The setting is the culture here as much as any ordering phrase, and it is firmly the Aegean and the coast rather than the Istanbul waterfront the fish version owns. You buy it at a seafront stall or a small balıkçı in Bodrum, in İzmir, in the harbor towns, where the day's shellfish is cheap and the format is reflex. The call is fried or grilled, kızartma or ızgara, and a regular might ask for extra lemon or for the onion heavy. A glass of something cold and the sea breeze are assumed. It belongs to a coast that turns whatever the boats bring in into a sandwich, and shrimp are simply one more thing the bread is asked to carry.
The variation runs along the fried-versus-grilled split and how the coast dresses it. Fried eats richer and leans on the crunch of the coating; grilled is cleaner and lets a little smoke through. The dressing is usually kept light, lemon and onion doing the work, though some stalls add a garlic or yogurt sauce or a spoon of ezme for heat. What this is not is the fish-in-bread it descends from, the famous balık ekmek built on grilled mackerel, which is a large subject of its own and a different protein with a different history; the shrimp version is its coastal cousin, not a sub-type of it. The karides reading stands on precision, shrimp pulled the instant they are done, a loaf set up not to go soggy, and the lemon and onion to keep it sharp.
Origin and history
The shrimp sandwich has no inventor and no documented origin, and any single date offered for it should be treated as a guess.

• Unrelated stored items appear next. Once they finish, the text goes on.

lemma scrP_gap:
  assumes "coherent (T, P)" "(T, P) \<le> GammaStar (T, P)" "scrP T P A"
  shows "gap T P A"
  using assms(3)
proof (induct "complexity A" arbitrary: A rule: less_induct)
  case less
  have cons: "consistent T" "consistent P" using assms(1) by (simp_all add: coherent_def)
  note T_sound = le_GammaStarD(1,2)[OF assms(2)]
  have IH: "gap T P B" if "complexity B < complexity A" "code B \<in> fst P" for B
    using less.hyps that le_GammaStarD(3)[OF assms(2)] by blast
  from less.prems show ?case
  proof (cases rule: scrP_cases)
    case Pi
    then show ?thesis by (rule gap_Pi[OF cons assms(2)])
  next
    case (Tr t)
    then show ?thesis using assms(1) by (auto simp: gap_def ssat_def coherent_def)
  next
    case (NTr t)
    then show ?thesis using assms(1) by (auto simp: gap_def ssat_def coherent_def)
  next
    case (Conj B C)
    then have "gap T P B \<or> ssat T P B" "gap T P C \<or> ssat T P C" "gap T P B \<or> gap T P C"
      using IH T_sound by auto
    with Conj(1) show ?thesis by (simp add: gap_Conj[OF cons])
  next
    case (Disj B C)
    then have "gap T P B \<or> ssat T P (neg B)" "gap T P C \<or> ssat T P (neg C)"
      "gap T P B \<or> gap T P C"
      using IH T_sound by auto
    with Disj(1) show ?thesis by (simp add: gap_Disj[OF cons])
  next
    case (All v B)
    then have "code (subst v (num n) B) \<in> fst P \<Longrightarrow> gap T P (subst v (num n) B)" for n
      using IH by simp
    with All(2,3) T_sound have "\<forall>n. gap T P (subst v (num n) B) \<or> ssat T P (subst v (num n) B)"
      "\<exists>n. gap T P (subst v (num n) B)"
      by blast+
    with All(1) show ?thesis by (simp add: gap_All[OF cons])
  next
    case (Ex v B)
    then have "code (subst v (num n) B) \<in> fst P \<Longrightarrow> gap T P (subst v (num n) B)" for n
      using IH by simp
    with Ex(2,3) T_sound have "\<forall>n. gap T P (subst v (num n) B) \<or> ssat T P (neg (subst v (num n) B))"
      "\<exists>n. gap T P (subst v (num n) B)"
      by blast+
    with Ex(1) show ?thesis by (simp add: gap_Ex[OF cons])
  qed
qed

lemma not_scrP_P0star:
  assumes "code A \<in> P0star"
  shows "\<not> scrP T P A"
proof -
  from assms obtain B where "code A = code (Pr (gq B))"
    unfolding P0star_def by blast
  then have "A = Pr (gq B)" by (rule code_inj)
  then show ?thesis using not_Pi_Pr by (simp add: scrP_def)
qed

It is an obvious coastal variation on a documented dish, the work of harbor cooks swapping one piece of the day's catch for another, and its real history is borrowed from the fish version it copies. That parent dish, the fish-in-bread, has a genuine and datable record. Balık ekmek, grilled or fried fish in a Turkish loaf, has been eaten on the Istanbul waterfront since the mid-nineteenth century, when fish pulled straight from the Bosphorus were grilled and served on bread by the shore.
The Eminönü boat tradition is the documented heart of it. By the late nineteenth century families from the Black Sea coast worked the trade at Eminönü, grilling fish on small boats moored to the quay and passing the sandwiches up to the crowd, a profession handed father to son. The shrimp version carries none of this paper trail of its own; it simply takes that established coastal format, the split loaf and the onion and the lemon, and runs the day's shellfish through it instead of a mackerel fillet.
For the shrimp version there is no shop, no date, and no name to record, only a coast doing the obvious thing with whatever the nets bring up. What can be dated belongs to the parent, and lately it is municipal rather than culinary. The Istanbul Preservation Board ordered the fish-sandwich boats out of Eminönü in 2004, and in 2007 the city granted a small number of formal mooring tenders to the elaborately decorated Ottoman-style boats that grill mackerel on the Eminönü waterfront to this day.